Married since 1947, Mr. Bradbury and his wife Maggie lived in Los Angeles with their numerous cats. Together, they raised four daughters and had eight grandchildren. Sadly, Maggie passed away in November of 2003. 

On the occasion of his 80th birthday in August 2000, Bradbury said, "The great fun in my life has been getting up every morning and rushing to the typewriter because some new idea has hit me. The feeling I have every day is very much the same as it was when I was twelve. In any event, here I am, eighty years old, feeling no different, full of a great sense of joy, and glad for the long life that has been allowed me. I have good plans for the next ten or twenty years, and I hope you'll come along."



REVIEW


Unlike common belief, this book was actually a good one. And must I say, scary. Not just the fact that it is from 60 years ago, but the fact that Ray Bradbury had many of the gadgets narrowed down to a T. Earbuds? The shells. 4-screen TV? The curve TV. Digital age? Our age. The only inconsistency is the fact that you must burn books. That seems to be one of the few things out society doesn't do. Almost every other person I've talked to about this novel said there was no explanation as to why you must burn books. But there is; that tiny little piece of information from Montag's boss: it caused controversy.

Honestly, I've never been one for the digital age. In classes and work, I still write on pen and paper (shocking, I know). As I read this book, it made me so sad to realize that this is the world I'm living in. Not necessarily every part of it, but a big part of it. And that really upset me. I may be the only person to say this, but I don't have facebook. Twitter. Instagram. Vine. None of that social media crap used to waste all of your time when youthink there is nothing more for you to do. 

I read. Yup, I said it. It may be a foreign word to some of you, it may be a word many of you can get comfortable with, but I read.
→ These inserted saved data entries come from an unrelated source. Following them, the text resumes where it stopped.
text \<open>The residue field is algebraically closed, hence infinite: a root of
  \<open>\<Prod>a\<in>F. (X - a)\<close> \<open>+ 1\<close> modulo \<open>m\<close> lies in none of the residue classes of \<open>F\<close>.\<close>

lemma exists_avoiding_residues:
  assumes F: "finite F" shows "\<exists>x. \<forall>a\<in>F. x - a \<notin> m"
proof -
  define F' where "F' = insert 0 F"
  have F': "finite F'" "F' \<noteq> {}" using F unfolding F'_def by auto
  define n where "n = card F'"
  have n1: "n \<ge> 1" using F' unfolding n_def by (simp add: Suc_leI card_gt_0_iff)
  define h where "h = (\<Prod>a\<in>F'. [:- a, 1:]) + 1"
  have dq: "degree (\<Prod>a\<in>F'. [:- a, 1:]) = n" unfolding n_def
    by (subst degree_prod_eq_sum_degree) auto
  have lq: "lead_coeff (\<Prod>a\<in>F'. [:- a, 1:]) = 1" by (simp add: lead_coeff_prod)
  have dh: "degree h = n" and ch: "coeff h n = 1"
    using dq lq n1 unfolding h_def by (simp_all add: degree_add_eq_left)
  obtain x where x: "x ^ n + (\<Sum>i<n. coeff h i * x ^ i) \<in> m"
    using residue_field_alg_closed[OF n1] by blast
  have "poly h x = x ^ n + (\<Sum>i<n. coeff h i * x ^ i)"
    using ch by (simp add: poly_altdef dh lessThan_Suc_atMost[symmetric])
  then have hx: "poly h x \<in> m" using x by simp
  have "x - a \<notin> m" if a: "a \<in> F" for a
  proof
    assume "x - a \<in> m"
    moreover have "(\<Prod>b\<in>F'. x - b) = (x - a) * (\<Prod>b\<in>F' - {a}. x - b)"
      using a F' unfolding F'_def by (simp add: prod.remove)
    ultimately have "(\<Prod>b\<in>F'. x - b) \<in> m" using m_mult_right by simp
    moreover have "poly h x = (\<Prod>b\<in>F'. x - b) + 1" unfolding h_def by (simp add: poly_prod)
    ultimately show False using hx m_diff one_notin_m by (metis add_diff_cancel_left')
  qed
  then show ?thesis by blast
qed

definition generic :: "('o \<Rightarrow> bool) \<Rightarrow> bool" where
  "generic P \<longleftrightarrow> (\<exists>R. finite R \<and> (\<forall>\<mu>. (\<forall>r\<in>R. \<mu> - r \<notin> m) \<longrightarrow> P \<mu>))"

lemma generic_conj: "generic P \<Longrightarrow> generic Q \<Longrightarrow> generic (\<lambda>\<mu>. P \<mu> \<and> Q \<mu>)"
  unfolding generic_def by (metis (no_types) Un_iff finite_UnI)

lemma generic_mono: "generic P \<Longrightarrow> (\<And>\<mu>. P \<mu> \<Longrightarrow> Q \<mu>) \<Longrightarrow> generic Q"
  unfolding generic_def by blast

lemma generic_obtain: "generic P \<Longrightarrow> \<exists>\<mu>. P \<mu>"
  unfolding generic_def using exists_avoiding_residues by blast

lemma generic_not_congruent: "generic (\<lambda>\<mu>. \<mu> - a \<notin> m)"
  unfolding generic_def by (rule exI[of _ "{a}"]) simp

lemma generic_poly_notin_m:
  fixes f :: "'o poly"
  assumes "\<exists>i. coeff f i \<notin> m"
  shows "generic (\<lambda>\<mu>. poly f \<mu> \<notin> m)"
  using assms
proof (induction "degree f" arbitrary: f rule: less_induct)
  case less
  show ?case
  proof (cases "\<exists>a. poly f a \<in> m")
    case False then show ?thesis unfolding generic_def by blast
  next
    case True
    then obtain a where a: "poly f a \<in> m" by blast
    define c where "c = poly f a"
    have "[:- a, 1:] dvd f - [:c:]" unfolding c_def by (simp add: poly_eq_0_iff_dvd[symmetric])
    then obtain g where fg: "f = [:- a, 1:] * g + [:c:]" by (metis diff_eq_eq dvdE)
    have coeff_f: "coeff f i = coeff g (i - 1) * of_bool (i > 0) - a * coeff g i + of_bool (i = 0) * c" for i
      unfolding fg by (cases i) (simp_all add: coeff_pCons)
    have "\<exists>i. coeff g i \<notin> m"
    proof (rule ccontr)
      assume "\<nexists>i. coeff g i \<notin> m"
      then have "coeff f i \<in> m" for i
        using a m_zero unfolding coeff_f c_def
        by (intro m_add m_diff) (auto intro: m_mult_right m_mult_left)
      then show False using less.prems by blast
    qed
    moreover have "degree g < degree f"
    proof -
      have "g \<noteq> 0" using calculation m_zero by auto
      then have "degree ([:- a, 1:] * g) = degree g + 1" by (subst degree_mult_eq) auto
      then have "degree f = degree g + 1" unfolding fg by (subst degree_add_eq_left) auto
      then show ?thesis by simp
    qed
    ultimately have "generic (\<lambda>\<mu>. poly g \<mu> \<notin> m)" using less.hyps by blast
    then show ?thesis
    proof (rule generic_mono[OF generic_conj[OF _ generic_not_congruent[of a]]])
      fix \<mu> assume \<mu>: "poly g \<mu> \<notin> m \<and> \<mu> - a \<notin> m"
      have "poly f \<mu> = (\<mu> - a) * poly g \<mu> + c" unfolding fg by (simp add: algebra_simps)
      then show "poly f \<mu> \<notin> m"
        using \<mu> m_prime m_diff a unfolding c_def by (metis add_diff_cancel_right')
    qed
  qed
qed

end

section \<open>Generic invertibility\<close>

definition pencil_mat :: "'o::comm_ring_1 mat \<Rightarrow> 'o mat \<Rightarrow> 'o poly mat" where
  "pencil_mat A B = mat (dim_row A) (dim_col A) (\<lambda>ij. [:B $$ ij, A $$ ij:])"

lemma poly_det_pencil_mat:
  assumes "A \<in> carrier_mat n n" "B \<in> carrier_mat n n"
  shows "poly (det (pencil_mat A B)) \<mu> = det (\<mu> \<cdot>\<^sub>m A + B)"
proof -
  have eval: "comm_ring_hom (\<lambda>q. poly q \<mu>)" by unfold_locales auto
  have "map_mat (\<lambda>q. poly q \<mu>) (pencil_mat A B) = \<mu> \<cdot>\<^sub>m A + B"
    by (rule eq_matI) (use assms in \<open>auto simp: pencil_mat_def algebra_simps\<close>)
  then show ?thesis using comm_ring_hom.hom_det[OF eval, of "pencil_mat A B"] by simp
qed

context coefficient_ring
begin

lemma invertible_if_det_notin_m:
  assumes M: "M \<in> carrier_mat n n" and det: "det M \<notin> m"
  shows "\<exists>M'. M' \<in> carrier_mat n n \<and> M * M' = 1\<^sub>m n \<and> M' * M = 1\<^sub>m n"
proof -
  obtain d where d: "det M * d = 1" using unit_if_notin_m[OF det] by blast
  define M' where "M' = d \<cdot>\<^sub>m adj_mat M"
  have adj: "adj_mat M \<in> carrier_mat n n" using adj_mat[OF M] by blast
  have "M * M' = d \<cdot>\<^sub>m (M * adj_mat M)" unfolding M'_def using M adj by (simp add: mult_smult_distrib)
  also have "\<dots> = 1\<^sub>m n" using adj_mat(2)[OF M] d by (intro eq_matI) (auto simp: mult.commute)
  finally have right: "M * M' = 1\<^sub>m n" .
  have "M' * M = d \<cdot>\<^sub>m (adj_mat M * M)" unfolding M'_def using M adj by (simp add: mult_smult_assoc_mat)
  also have "\<dots> = 1\<^sub>m n" using adj_mat(3)[OF M] d by (intro eq_matI) (auto simp: mult.commute)
  finally have left: "M' * M = 1\<^sub>m n" .
  show ?thesis by (rule exI[of _ M']) (use adj right left in \<open>simp add: M'_def\<close>)
qed

lemma generic_invertible_pencil:
  assumes A: "A \<in> carrier_mat n n" and B: "B \<in> carrier_mat n n"
    and nonzero: "\<exists>i. coeff (det (pencil_mat A B)) i \<notin> m"
  shows "generic (\<lambda>\<mu>. \<exists>M'. M' \<in> carrier_mat n n \<and>
           (\<mu> \<cdot>\<^sub>m A + B) * M' = 1\<^sub>m n \<and> M' * (\<mu> \<cdot>\<^sub>m A + B) = 1\<^sub>m n)"
  using generic_poly_notin_m[OF nonzero]
proof (rule generic_mono)
  fix \<mu> assume "poly (det (pencil_mat A B)) \<mu> \<notin> m"
  then have "det (\<mu> \<cdot>\<^sub>m A + B) \<notin> m" using poly_det_pencil_mat[OF A B] by simp
  then show "\<exists>M'. M' \<in> carrier_mat n n \<and> (\<mu> \<cdot>\<^sub>m A + B) * M' = 1\<^sub>m n \<and> M' * (\<mu> \<cdot>\<^sub>m A + B) = 1\<^sub>m n"
    using invertible_if_det_notin_m[of "\<mu> \<cdot>\<^sub>m A + B" n] A B by simp
qed

end

context oalgebra
begin

definition coord_vec :: "'a set \<Rightarrow> (nat \<Rightarrow> 'a) \<Rightarrow> nat \<Rightarrow> 'a \<Rightarrow> 'o vec" where
  "coord_vec Z e n a = vec n (\<lambda>i. coord Z a (e i))"

definition matrix_of :: "'a set \<Rightarrow> (nat \<Rightarrow> 'a) \<Rightarrow> nat \<Rightarrow> ('a \<Rightarrow> 'a) \<Rightarrow> 'o mat" where
  "matrix_of Z e n T = mat n n (\<lambda>(i, j). coord Z (T (e j)) (e i))"

lemma dim_matrix_of [simp]:
  "dim_row (matrix_of Z e n T) = n" "dim_col (matrix_of Z e n T) = n"
  unfolding matrix_of_def by simp_all

lemma olinear_id: "olinear (\<lambda>a. a)"
  unfolding olinear_def by simp

lemma olinear_pencil:
  assumes "olinear T0" "olinear T1" shows "olinear (\<lambda>a. T0 a + smult \<mu> (T1 a))"
  unfolding olinear_def
proof (intro conjI allI)
  fix a b
  show "T0 (a + b) + smult \<mu> (T1 (a + b)) = T0 a + smult \<mu> (T1 a) + (T0 b + smult \<mu> (T1 b))"
    using assms unfolding olinear_def by (simp add: smult_add_right ac_simps)
next
  fix r a
  have "smult \<mu> (smult r (T1 a)) = smult r (smult \<mu> (T1 a))"
    by (simp add: smult_smult mult.commute)
  then show "T0 (smult r a) + smult \<mu> (T1 (smult r a)) = smult r (T0 a + smult \<mu> (T1 a))"
    using assms unfolding olinear_def by (simp add: smult_add_right)
qed

context
  fixes Z :: "'a set" and e :: "nat \<Rightarrow> 'a" and n :: nat
  assumes Z: "is_obasis smult Z" and e: "bij_betw e {0..<n} Z"
begin

lemma enum_in_basis: "i < n \<Longrightarrow> e i \<in> Z"
  using e unfolding bij_betw_def by auto

lemma coord_enum: "i < n \<Longrightarrow> j < n \<Longrightarrow> coord Z (e j) (e i) = (if i = j then 1 else 0)"
  using coord_basis[OF Z enum_in_basis enum_in_basis, of j i] e
  unfolding bij_betw_def inj_on_def by auto

lemma coord_vec_carrier [simp]: "coord_vec Z e n a \<in> carrier_vec n"
  unfolding coord_vec_def by simp

lemma matrix_of_carrier [simp]: "matrix_of Z e n T \<in> carrier_mat n n"
  unfolding matrix_of_def by simp

lemma coord_vec_inj: "coord_vec Z e n a = coord_vec Z e n b \<Longrightarrow> a = b"
proof (rule coord_eqI[OF Z])
  fix w assume eq: "coord_vec Z e n a = coord_vec Z e n b" and "w \<in> Z"
  then obtain i where "i < n" "w = e i" using e unfolding bij_betw_def by auto
  then show "coord Z a w = coord Z b w" using eq unfolding coord_vec_def by (metis index_vec)
qed

lemma coord_vec_lincomb:
  assumes "v \<in> carrier_vec n"
  shows "coord_vec Z e n (\<Sum>j<n. smult (v $ j) (e j)) = v"
proof (rule eq_vecI)
  fix i assume "i < dim_vec v"
  then have i: "i < n" using assms by simp
  have "coord Z (\<Sum>j<n. smult (v $ j) (e j)) (e i) = (\<Sum>j<n. v $ j * coord Z (e j) (e i))"
    by (rule coord_lincomb[OF Z enum_in_basis[OF i]])
  also have "\<dots> = (\<Sum>j<n. if j = i then v $ j else 0)"
    by (rule sum.cong) (use i coord_enum in auto)
  finally show "coord_vec Z e n (\<Sum>j<n. smult (v $ j) (e j)) $ i = v $ i"
    using i by (simp add: coord_vec_def)
qed (use assms in \<open>simp add: coord_vec_def\<close>)

lemma coord_vec_olinear:
  assumes T: "olinear T"
  shows "coord_vec Z e n (T a) = matrix_of Z e n T *\<^sub>v coord_vec Z e n a"
proof (rule eq_vecI)
  fix i assume "i < dim_vec (matrix_of Z e n T *\<^sub>v coord_vec Z e n a)"
  then have i: "i < n" by (simp add: matrix_of_def)
  have "a = (\<Sum>y\<in>Z. smult (coord Z a y) y)" by (rule coord_expansion[OF Z])
  also have "\<dots> = (\<Sum>j<n. smult (coord Z a (e j)) (e j))"
    unfolding atLeast0LessThan[symmetric] by (rule sum.reindex_bij_betw[OF e, symmetric])
  finally have "T a = (\<Sum>j<n. smult (coord Z a (e j)) (T (e j)))"
    using olinear_lincomb[OF T] by metis
  then have "coord Z (T a) (e i) = (\<Sum>j<n. coord Z a (e j) * coord Z (T (e j)) (e i))"
    by (simp add: coord_lincomb[OF Z enum_in_basis[OF i]])
  then show "coord_vec Z e n (T a) $ i = (matrix_of Z e n T *\<^sub>v coord_vec Z e n a) $ i"
    using i by (simp add: matrix_of_def coord_vec_def scalar_prod_def atLeast0LessThan mult.commute)
qed (simp add: coord_vec_def matrix_of_def)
Like I read this book.

For those of you not acquainted with this part of the world, my first thought it to ask you why you are reading my review? My next question is have you read this book? The many people I tried to discuss this with said that they decided to read SparkNotes instead, or just watch the movie. See! This is the stuff this important book is trying to tell you. You went online to read the SparkNotes edition or watched the movie. That is the message this very book in front of you is trying to convey. You used the digital age to get this message. Many years ago, you'd actually have to read the book to know what is going on.

Remember in the beginning of the review, I said this book is scary. Ray Bradbury predicted it. This is what has come of our world and if we continue to use SparkNotes and watching movies, then what will be the point of books? Us booklovers will just continue to try to get all you others who do not enjoy reading to read and it will cause controversy between the two.

An amazing novel that I couldn't put down. It will be one that will not be forgotten.